Jennie is one of the most established motorsport media professionals, working for the likes of ESPN, Sky and the BBC to cover championships including Formula 1. She can often be found interviewing Lewis Hamilton or grilling Sebastian Vettel and always does it with a smile.

“I’m very aware that many people will never get to go into a paddock,” she says. “But I get to go into that paddock and I want to share it with everybody because it’s so cool whether it’s touring cars, local club racing or Le Mans. Whatever it may be, every person who steps into a paddock has a story. I just love sharing those stories with people.”

After weeks of unpaid work, Jennie got a job at the BBC which was testament to her hard work. Now, the roles have reversed and she finds herself helping young people who are wanting to forge a career in motorsport. 

“Never take no for an answer - there’s not many people in the industry whose careers advisor would have sat down and said that’s definitely the job for you,” she says. “If you want to be a broadcaster, a journalist or want to work in motorsport in any form, then go for it. Don’t let anyone say that’s not for you or that you don’t seem to be from the right background or the right gender.”

Credit: Jennie Gow

Jennie has now been working in the sport for over a decade and in that time she has covered an array of championships including endurance racing, Formula E and, of course, Formula 1. 

“I’ve been working in motorsport for a very long time because I’m old now!” she says. “I’m not rich. I’m not famous. I’m still trying to come up with ideas to innovate and to tell a story. I didn’t get into this because I wanted to be famous or rich - I wanted to make people smile. That was my genuine hope to enlighten people.”

Jennie is currently on the BBC’s line-up for their radio coverage they produce. Along with Jack Nicholls and Jolyon Palmer, she broadcasts live and gives insight to what’s happening over the course of a Formula 1 session. 

However, when all on-track motorsport activity was postponed earlier this year, Jennie took to Instagram to get people talking about sports once again.  This was when she coined Fast Talkers, a YouTube series that features both emerging and established talent.

“I’ve always wanted to do a journalist’s show because there’s so much talent that covers motorsport,” she says. “There are a lot of people in the paddock that will talk at you and, because they don’t listen to anyone else, sometimes they know less than everybody else. You can always learn no matter what your age, who you are or your background.”

Credit: BBC Sport

Fantastic initiatives such as FIA Girls on Track and the Women in Motorsport Commission have inspired young women to get involved in motorsport. However, Jennie would like to see the likes of Formula 1 do more to ensure that its workforce is more diverse in the coming years.

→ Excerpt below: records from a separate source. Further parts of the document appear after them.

lemma state_eq_consensus_value_nearby:
  assumes levels: "\<And>j. s j = m" and beyond: "m < \<bar>C\<bar>"
    and "t0 \<le> t" and at_t: "\<And>i. x t i = C"
  obtains e where "0 < e" and "\<And>u i. t0 \<le> u \<Longrightarrow> dist u t < e \<Longrightarrow> x u i = C"
proof -
  have "\<forall>\<^sub>F u in at t within {t0..}. \<forall>i. \<bar>x u i - C\<bar> < \<bar>C\<bar> - m"
  proof (intro eventually_all_finite allI)
    fix i
    have "((\<lambda>u. x u i) \<longlongrightarrow> x t i) (at t within {t0..})"
      using continuous_on_state[of i] \<open>t0 \<le> t\<close> by (simp add: continuous_on_def)
    then show "\<forall>\<^sub>F u in at t within {t0..}. \<bar>x u i - C\<bar> < \<bar>C\<bar> - m"
      using beyond at_t by (auto simp: tendsto_iff dist_real_def)
  qed
  then obtain e where "0 < e"
    and e: "\<And>u i. t0 \<le> u \<Longrightarrow> u \<noteq> t \<Longrightarrow> dist u t < e \<Longrightarrow> \<bar>x u i - C\<bar> < \<bar>C\<bar> - m"
    unfolding eventually_at by auto
  define I where "I = {t0..} \<inter> ball t e"
  have near: "\<bar>x u i - C\<bar> < \<bar>C\<bar> - m" if "u \<in> I" for u i
    using that e[of u i] at_t beyond by (cases "u = t") (auto simp: I_def dist_commute)
  have "x u i = C" if "t0 \<le> u" "dist u t < e" for u i
  proof -
    obtain c where c: "\<forall>u\<in>I. x u i = c"
      using state_constant_on_if_outputs_agree[of I i] y_agree_near_saturated_value[OF levels beyond]
        near by (force simp: I_def convex_Int)
    have "t \<in> I" "u \<in> I"
      using \<open>0 < e\<close> \<open>t0 \<le> t\<close> that by (auto simp: I_def dist_commute)
    then show ?thesis
      using c at_t by metis
  qed
  then show thesis
    using that \<open>0 < e\<close> by blast
qed

lemma state_eq_consensus_value_if_beyond:
  assumes lim: "\<And>i. ((\<lambda>t. x t i) \<longlongrightarrow> C) at_top"
    and levels: "\<And>j. s j = m" and beyond: "m < \<bar>C\<bar>"
    and "t0 \<le> t"
  shows "x t i = C"
proof -
  define E where "E = {t \<in> {t0..}. \<forall>i. x t i = C}"
  have "closedin (top_of_set {t0..}) E"
  proof -
    have "E = (\<Inter>i. {t \<in> {t0..}. x t i = C})"
      by (auto simp: E_def)
    then show ?thesis
      using continuous_closedin_preimage_constant[OF continuous_on_state] by auto
  qed
  moreover have "openin (top_of_set {t0..}) E"
    unfolding openin_euclidean_subtopology_iff
  proof (intro conjI ballI)
    fix t assume "t \<in> E"
    then obtain e where "0 < e" "\<And>u i. t0 \<le> u \<Longrightarrow> dist u t < e \<Longrightarrow> x u i = C"
      using state_eq_consensus_value_nearby[OF levels beyond] by (auto simp: E_def)
    then show "\<exists>e>0. \<forall>u\<in>{t0..}. dist u t < e \<longrightarrow> u \<in> E"
      by (auto simp: E_def)
  qed (auto simp: E_def)
  moreover have "E \<noteq> {}"
    using state_eventually_eq_consensus_value[OF lim levels beyond] by (auto simp: E_def)
  ultimately have "E = {t0..}"
    using connected_clopen[of "{t0..}"] is_interval_connected[of "{t0..}"]
    by (auto simp: is_interval_ci)
  then show ?thesis
    using \<open>t0 \<le> t\<close> by (auto simp: E_def)
qed

lemma abs_consensus_value_le_Min_level:
  assumes conn: "graph_connected \<alpha>"
    and not_consensus: "\<exists>i j. x t0 i \<noteq> x t0 j"
    and lim: "\<And>i. ((\<lambda>t. x t i) \<longlongrightarrow> C) at_top"
  shows "\<bar>C\<bar> \<le> Min (range s)"
proof (rule ccontr)
  assume "\<not> \<bar>C\<bar> \<le> Min (range s)"
  then have beyond: "Min (range s) < \<bar>C\<bar>" by linarith
  have "x t0 i = C" for i
    using state_eq_consensus_value_if_beyond[OF lim
        levels_eq_Min_if_consensus_value_beyond[OF conn lim beyond] beyond] by simp
  then show False
    using not_consensus by simp
qed

lemma state_tendsto_mean:
  assumes conn: "graph_connected \<alpha>"
    and C_def: "C = (\<Sum>i\<in>UNIV. x t0 i) / real CARD('i)"
    and C_le: "\<bar>C\<bar> \<le> Min (range s)"
  shows "((\<lambda>t. x t i) \<longlongrightarrow> C) at_top"
proof -
  define \<delta> where "\<delta> t = (\<Sum>a\<in>UNIV. \<Sum>b\<in>UNIV. \<bar>y a t - y b t\<bar>)" for t
  have \<delta>_tendsto: "(\<delta> \<longlongrightarrow> 0) at_top"
    unfolding \<delta>_def by (intro tendsto_null_sum tendsto_rabs_zero y_difference_tendsto_zero conn)
  have y_close: "\<bar>y a t - y b t\<bar> \<le> \<delta> t" for a b t
  proof -
    have "\<bar>y a t - y b t\<bar> \<le> (\<Sum>b\<in>UNIV. \<bar>y a t - y b t\<bar>)"
      by (rule member_le_sum[where f = "\<lambda>b. \<bar>y a t - y b t\<bar>"]) simp_all
    also have "\<dots> \<le> \<delta> t"
      unfolding \<delta>_def by (rule member_le_sum[where f = "\<lambda>a. \<Sum>b\<in>UNIV. \<bar>y a t - y b t\<bar>"])
        (simp_all add: sum_nonneg)
    finally show ?thesis .
  qed
  have mean: "(\<Sum>j\<in>UNIV. x t j) = real CARD('i) * C" if "t0 \<le> t" for t
    using sum_state_eq[OF that] by (simp add: C_def)
  have "0 < Min (range s)"
    using level_pos by simp
  have "\<forall>\<^sub>F t in at_top. \<bar>x t i - C\<bar> \<le> real CARD('i) * \<delta> t"
    using order_tendstoD(2)[OF \<delta>_tendsto \<open>0 < Min (range s)\<close>] eventually_ge_at_top[of t0]
  proof eventually_elim
    case (elim t)
    show ?case
      using y_close unfolding y_def
      by (intro abs_deviation_from_mean_le_if_outputs_close[OF level_pos mean[OF elim(2)] C_le])
        (simp_all add: elim(1))
  qed
  moreover have "((\<lambda>t. real CARD('i) * \<delta> t) \<longlongrightarrow> 0) at_top"
    using tendsto_mult_right_zero[OF \<delta>_tendsto] by simp
  ultimately have "((\<lambda>t. x t i - C) \<longlongrightarrow> 0) at_top"
    using Lim_null_comparison[of "\<lambda>t. x t i - C" "\<lambda>t. real CARD('i) * \<delta> t"] by simp
  then show ?thesis
    by (rule LIM_zero_cancel)
qed

end

theorem theorem1:
  fixes \<alpha> :: "'i::finite \<Rightarrow> 'i \<Rightarrow> real"
    and s :: "'i \<Rightarrow> real"
    and t0 :: real
    and x :: "real \<Rightarrow> 'i \<Rightarrow> real"
  assumes sym: "\<And>i j. \<alpha> i j = \<alpha> j i"
    and nonneg: "\<And>i j. \<alpha> i j \<ge> 0"
    and conn: "graph_connected \<alpha>"
    and spos: "\<And>i. s i > 0"
    and sol: "is_solution \<alpha> s t0 x"
    and noncons: "\<exists>i j. x t0 i \<noteq> x t0 j"
  shows "achieves_consensus x \<longleftrightarrow>
           \<bar>\<Sum>i\<in>UNIV. x t0 i\<bar> / real (card (UNIV :: 'i set)) \<le> Min (range s)"
proof -
  interpret saturated_consensus \<alpha> s t0 x
    using sym nonneg spos sol by unfold_locales auto
  define C where "C = (\<Sum>i\<in>UNIV. x t0 i) / real CARD('i)"
  have "\<bar>\<Sum>i\<in>UNIV. x t0 i\<bar> / real CARD('i) = \<bar>C\<bar>"
    by (simp add: C_def)
  moreover have "achieves_consensus x \<longleftrightarrow> \<bar>C\<bar> \<le> Min (range s)"
  proof
    assume "achieves_consensus x"
    then obtain C' where lim: "\<And>i. ((\<lambda>t. x t i) \<longlongrightarrow> C') at_top"
      unfolding achieves_consensus_def by blast
    then show "\<bar>C\<bar> \<le> Min (range s)"
      using abs_consensus_value_le_Min_level[OF conn noncons lim] consensus_value_eq_mean[OF lim]
      by (simp add: C_def)
  next
    assume "\<bar>C\<bar> \<le> Min (range s)"
    then show "achieves_consensus x"
      unfolding achieves_consensus_def using state_tendsto_mean[OF conn C_def] by blast
  qed
  ultimately show ?thesis
    by simp
qed

end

“You can never click your fingers overnight and see it change but all I can hope is that in 10/15 years, we’ll see a real change,” she says. “There’s probably two key females max in each team when it comes to engineering and mechanical - we just need more. There are still some teams which are lagging behind with any sort of inclusion programme. F1 needs to make sure they’re championing inclusion and they're on top of the teams to make sure it happens.”

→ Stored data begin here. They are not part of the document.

(* Let $\mathcal P$ be a polycyclic presentation on $g_1,\ldots,g_n$ and assume that the subpresentation $\mathcal P^{[2]}$ is consistent. Let $\tau\colon F_2\to F_2$ be the monoid homomorphism with $\tau(g_j)=g^{a_{1,j}}$ and $\tau(g_j^{-1})=g^{c_{1,j}}$ for $2\le j\le n$. Then $\tau$ induces an endomorphism of $H^{[2]}$ (i.e. there is an endomorphism $\sigma$ of $H^{[2]}$ with $\sigma\circ\theta_2=\theta_2\circ\tau$) if and only if the equations $c(g_j\,g^{a_{j,k}}\,g_1)=c(g_kg_jg_1)$ for all $n\ge k>j>1$ and $c(g_j^{r_j}g_1)=c(g^{e_j}g_1)$ for all $j>1$ with $r_j<\infty$ hold.
   Context: A polycyclic presentation $\mathcal P$ on generators $g_1,\ldots,g_n$ consists of $r_1,\ldots,r_n\in\mathbb N\cup\{\infty\}$ and integers $e_{i,k},a_{i,j,k},b_{i,j,k}$ ($1\le i<j\le n$, $1\le k\le n$) with $0\le e_{i,k},a_{i,j,k},b_{i,j,k}<r_k$ whenever $r_k<\infty$, and has defining relations $g_i^{r_i}=g^{e_i}$ (for $r_i<\infty$), $g_jg_i=g_ig^{a_{i,j}}$ (for $i<j$), $g_jg_i^{-1}=g_i^{-1}g^{b_{i,j}}$ (for $i<j$, $r_i=\infty$), where $g^{e_i}=g_{i+1}^{e_{i,i+1}}\cdots g_n^{e_{i,n}}$, $g^{a_{i,j}}=g_{i+1}^{a_{i,j,i+1}}\cdots g_n^{a_{i,j,n}}$, $g^{b_{i,j}}=g_{i+1}^{b_{i,j,i+1}}\cdots g_n^{b_{i,j,n}}$ (with $g_k^x$ for $x<0$ meaning $(g_k^{-1})^{|x|}$). From the presentation one computes integers $c_{i,j,k},d_{i,j,k},f_{i,k}$ (in $[0,r_k)$ when $r_k<\infty$) such that in the presented group $g_j^{-1}g_i=g_ig^{c_{i,j}}$ ($i<j$, $r_j=\infty$), $g_j^{-1}g_i^{-1}=g_i^{-1}g^{d_{i,j}}$ ($i<j$, $r_i=r_j=\infty$), $g_i^{-1}=g_i^{r_i-1}g^{f_i}$ ($r_i<\infty$); in particular $g^{c_{1,j}}=g_2^{c_{1,j,2}}\cdots g_n^{c_{1,j,n}}$ is the reduced word representing the inverse of $g^{a_{1,j}}$. Let $M$ be the free monoid on $\{g_1^{\pm1},\ldots,g_n^{\pm1}\}$. A collection step replaces a subword equal to the left-hand side of one of these six kinds of relations by its right-hand side, or deletes $g_ig_i^{-1}$ or $g_i^{-1}g_i$; a word admitting no step is reduced (of the form $g_1^{x_1}\cdots g_n^{x_n}$ with $0\le x_i<r_i$ if $r_i<\infty$). The collection-to-the-left algorithm applies steps, always choosing the leftmost occurrence of a non-reduced subword involving a generator of smallest index (lower index has priority), until the word is reduced; $c\colon M\to M$ maps a word to the result. $\mathcal P^{[2]}$ is the presentation on $g_2,\ldots,g_n$ consisting of those relations above with $i\ge2$; $H^{[2]}$ is the group it defines; $F_2$ is the free monoid on $\{g_2^{\pm1},\ldots,g_n^{\pm1}\}$ and $\theta_2\colon F_2\to H^{[2]}$ the natural epimorphism. $\mathcal P^{[2]}$ is consistent if every element of $H^{[2]}$ is represented by exactly one reduced word in $g_2,\ldots,g_n$. *)

theory Defs
  imports "HOL-Algebra.Group" "HOL-Library.Extended_Nat" "HOL-Library.Product_Lexorder"
begin

text \<open>A letter (i, True) stands for g_i, (i, False) for g_i^{-1}.
  Words are lists of letters (elements of the free monoid M).\<close>

type_synonym letter = "nat \<times> bool"
type_synonym word = "letter list"

definition gpow :: "nat \<Rightarrow> int \<Rightarrow> word" where
  "gpow k x = (if 0 \<le> x then replicate (nat x) (k, True) else replicate (nat (- x)) (k, False))"

text \<open>Data of a polycyclic presentation on g_1..g_n, together with the derived
  exponents c, d, f. Infinite relative orders are represented by \<infinity> :: enat.\<close>

record pcp =
  pc_n :: nat
  pc_r :: "nat \<Rightarrow> enat"
  pc_e :: "nat \<Rightarrow> nat \<Rightarrow> int"
  pc_a :: "nat \<Rightarrow> nat \<Rightarrow> nat \<Rightarrow> int"
  pc_b :: "nat \<Rightarrow> nat \<Rightarrow> nat \<Rightarrow> int"
  pc_c :: "nat \<Rightarrow> nat \<Rightarrow> nat \<Rightarrow> int"
  pc_d :: "nat \<Rightarrow> nat \<Rightarrow> nat \<Rightarrow> int"
  pc_f :: "nat \<Rightarrow> nat \<Rightarrow> int"

definition gvec :: "pcp \<Rightarrow> nat \<Rightarrow> (nat \<Rightarrow> int) \<Rightarrow> word" where
  "gvec P i v = concat (map (\<lambda>k. gpow k (v k)) [Suc i..<Suc (pc_n P)])"

definition in_range :: "pcp \<Rightarrow> nat \<Rightarrow> int \<Rightarrow> bool" where
  "in_range P k x = (\<forall>t. pc_r P k = enat t \<longrightarrow> 0 \<le> x \<and> x < int t)"

definition pcp_valid :: "pcp \<Rightarrow> bool" where
  "pcp_valid P = (
     (\<forall>i\<in>{1..pc_n P}. pc_r P i \<noteq> 0) \<and>
     (\<forall>i\<in>{1..pc_n P}. \<forall>k\<in>{1..pc_n P}. pc_r P i \<noteq> \<infinity> \<longrightarrow> in_range P k (pc_e P i k)) \<and>
     (\<forall>i j k. 1 \<le> i \<and> i < j \<and> j \<le> pc_n P \<and> 1 \<le> k \<and> k \<le> pc_n P \<longrightarrow>
         in_range P k (pc_a P i j k) \<and>
         (pc_r P i = \<infinity> \<longrightarrow> in_range P k (pc_b P i j k))))"

definition alph :: "pcp \<Rightarrow> nat \<Rightarrow> letter set" where
  "alph P k = {(i, s). k \<le> i \<and> i \<le> pc_n P}"

text \<open>Defining relations of the subpresentation P^[k] (those with i \<ge> k);
  P^[1] is P itself.\<close>
definition rels :: "pcp \<Rightarrow> nat \<Rightarrow> (word \<times> word) set" where
  "rels P k =
     {(replicate t (i, True), gvec P i (pc_e P i)) | i t. k \<le> i \<and> i \<le> pc_n P \<and> pc_r P i = enat t} \<union>
     {([(j, True), (i, True)], (i, True) # gvec P i (pc_a P i j)) | i j. k \<le> i \<and> i < j \<and> j \<le> pc_n P} \<union>
     {([(j, True), (i, False)], (i, False) # gvec P i (pc_b P i j)) | i j.
          k \<le> i \<and> i < j \<and> j \<le> pc_n P \<and> pc_r P i = \<infinity>}"

text \<open>The congruence on words over g_k..g_n generated by the relations of P^[k]
  and free cancellation; its classes are the elements of the presented group.\<close>
inductive pc_eq :: "pcp \<Rightarrow> nat \<Rightarrow> word \<Rightarrow> word \<Rightarrow> bool" for P k where
  refl: "w \<in> lists (alph P k) \<Longrightarrow> pc_eq P k w w"
| sym: "pc_eq P k u v \<Longrightarrow> pc_eq P k v u"
| trans: "pc_eq P k u v \<Longrightarrow> pc_eq P k v w \<Longrightarrow> pc_eq P k u w"
| rel: "(u, v) \<in> rels P k \<Longrightarrow> x \<in> lists (alph P k) \<Longrightarrow> y \<in> lists (alph P k) \<Longrightarrow>
         pc_eq P k (x @ u @ y) (x @ v @ y)"
| cancel: "(i, s) \<in> alph P k \<Longrightarrow> x \<in> lists (alph P k) \<Longrightarrow> y \<in> lists (alph P k) \<Longrightarrow>
         pc_eq P k (x @ [(i, s), (i, \<not> s)] @ y) (x @ y)"

definition theta :: "pcp \<Rightarrow> nat \<Rightarrow> word \<Rightarrow> word set" where
  "theta P k w = {v \<in> lists (alph P k). pc_eq P k w v}"

text \<open>The group H^[k] defined by P^[k] (H^[1] is the group defined by P).\<close>
definition pc_group :: "pcp \<Rightarrow> nat \<Rightarrow> word set monoid" where
  "pc_group P k =
     \<lparr> carrier = theta P k ` lists (alph P k),
       mult = (\<lambda>X Y. theta P k ((SOME u. u \<in> X) @ (SOME v. v \<in> Y))),
       one = theta P k [] \<rparr>"

definition reduced_from :: "pcp \<Rightarrow> nat \<Rightarrow> word \<Rightarrow> bool" where
  "reduced_from P k w = (\<exists>x. w = concat (map (\<lambda>i. gpow i (x i)) [k..<Suc (pc_n P)]) \<and>
                               (\<forall>i\<in>{k..pc_n P}. in_range P i (x i)))"

definition consistent_from :: "pcp \<Rightarrow> nat \<Rightarrow> bool" where
  "consistent_from P k = (\<forall>X\<in>carrier (pc_group P k).
      \<exists>!w. w \<in> lists (alph P k) \<and> reduced_from P k w \<and> theta P k w = X)"

text \<open>Properties of the derived exponents c, d, f: for i \<ge> 2 the relations hold in
  H^[2]; g^{c_{1,j}} is the reduced word representing the inverse of g^{a_{1,j}} in H^[2];
  the remaining relations for i = 1 hold in the group defined by P.\<close>
definition pcp_derived :: "pcp \<Rightarrow> bool" where
  "pcp_derived P = (
     (\<forall>i j k. 1 \<le> i \<and> i < j \<and> j \<le> pc_n P \<and> 1 \<le> k \<and> k \<le> pc_n P \<longrightarrow>
         (pc_r P j = \<infinity> \<longrightarrow> in_range P k (pc_c P i j k)) \<and>
         (pc_r P i = \<infinity> \<and> pc_r P j = \<infinity> \<longrightarrow> in_range P k (pc_d P i j k))) \<and>
     (\<forall>i\<in>{1..pc_n P}. \<forall>k\<in>{1..pc_n P}. pc_r P i \<noteq> \<infinity> \<longrightarrow> in_range P k (pc_f P i k)) \<and>
     (\<forall>i j. 2 \<le> i \<and> i < j \<and> j \<le> pc_n P \<and> pc_r P j = \<infinity> \<longrightarrow>
         pc_eq P 2 [(j, False), (i, True)] ((i, True) # gvec P i (pc_c P i j))) \<and>
     (\<forall>i j. 2 \<le> i \<and> i < j \<and> j \<le> pc_n P \<and> pc_r P i = \<infinity> \<and> pc_r P j = \<infinity> \<longrightarrow>
         pc_eq P 2 [(j, False), (i, False)] ((i, False) # gvec P i (pc_d P i j))) \<and>
     (\<forall>i t. 2 \<le> i \<and> i \<le> pc_n P \<and> pc_r P i = enat t \<longrightarrow>
         pc_eq P 2 [(i, False)] (replicate (t - 1) (i, True) @ gvec P i (pc_f P i))) \<and>
     (\<forall>j. 2 \<le> j \<and> j \<le> pc_n P \<longrightarrow>
         (\<forall>k\<in>{2..pc_n P}. in_range P k (pc_c P 1 j k)) \<and>
         pc_eq P 2 (gvec P 1 (pc_a P 1 j) @ gvec P 1 (pc_c P 1 j)) []) \<and>
     (\<forall>j. 1 < j \<and> j \<le> pc_n P \<and> pc_r P 1 = \<infinity> \<and> pc_r P j = \<infinity> \<longrightarrow>
         pc_eq P 1 [(j, False), (1, False)] ((1, False) # gvec P 1 (pc_d P 1 j))) \<and>
     (\<forall>t. 1 \<le> pc_n P \<and> pc_r P 1 = enat t \<longrightarrow>
         pc_eq P 1 [(1, False)] (replicate (t - 1) (1, True) @ gvec P 1 (pc_f P 1))))"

Jennie herself has been an ambassador for Dare To Be Different and is a real model for people wanting to become involved in motorsport or any male-dominated environment. Despite gender equality being a problem, Jennie is aware that this isn’t the only issue facing our sport. 

“We’re very lucky to have somebody like Lewis Hamilton in Formula 1,” she says. “Not every championship has that diverse person who’s shouting from the rooftops. I can’t think of any series I’ve worked in where someone was black - maybe a few people from an Asian background every now and then, but it’s really unusual.”

Jennie is championing equality with her diverse range of guests on Fast Talkers and is not afraid to topic more taboo topics head on.

“We have to call out people who aren’t representing the sport well and make sure that this is a safe place for everyone to come into,” she says. “If you can solve the problem that we have with numbers in karting and bring the cost down to get more women and more people from diverse backgrounds, all sorts of people that represent the world, we’ll be in a better situation.”